(* Let $L,L'$ be combinatorial tilings locally isomorphic to $K$, let $x\in L_{\mathrm{aff}}$, $x'\in L'_{\mathrm{aff}}$ and $0<\varepsilon\le 1/\sqrt2$. Let $\phi:B(x,\varepsilon^{-1},L)\to L'_{\mathrm{aff}}$ and $\phi':B(x',\varepsilon^{-1},L')\to L_{\mathrm{aff}}$ be continuous cell-preserving maps whose restriction to each cell is an isometry, such that $d(\phi(x),x')\le\varepsilon$, $d(\phi'(x'),x)\le\varepsilon$, and $\phi\circ\phi'=\mathrm{id}$ and $\phi'\circ\phi=\mathrm{id}$ wherever these compositions are defined. Then the restriction of $\phi$ to $B(x,\varepsilon^{-1}/6,L)$ is an isometry.
   Context: A combinatorial tiling is a 2-dimensional CW-complex homeomorphic to the plane. The combinatorial pentagonal tiling $K$ is the direct limit $K=\varinjlim K_n$, where $K_0$ is a decorated combinatorial pentagon (a closed disk with five distinguished boundary points), $K_n=\omega^n(K_0)$ for the pentagonal subdivision rule $\omega$ (each pentagon is replaced by six pentagons: a central one and a ring of five, each edge split in two, decorations of subtiles prescribed by the rule), and the embeddings $K_n\to K_{n+1}$ send central pentagon to central pentagon. $L$ is locally isomorphic to $K$ if every finite patch of $L$ is isomorphic by a cell-preserving decoration-preserving isomorphism to a patch of $K$. $L_{\mathrm{aff}}$ is $L$ with each edge isometric to $[0,1]$ and each face isometric to a Euclidean regular pentagon of side $1$, with $d$ the shortest-path length metric. $B(x,r,L)=\{y\in L_{\mathrm{aff}}: d(x,y)\le r\}$ is the metric ball. *)

theory Defs
  imports "HOL-Analysis.Analysis" "HOL-Library.FSet"
begin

# What to work on
Report the number of lines in the records above that contain "mathrm", with no other text.

# Solution for this task
2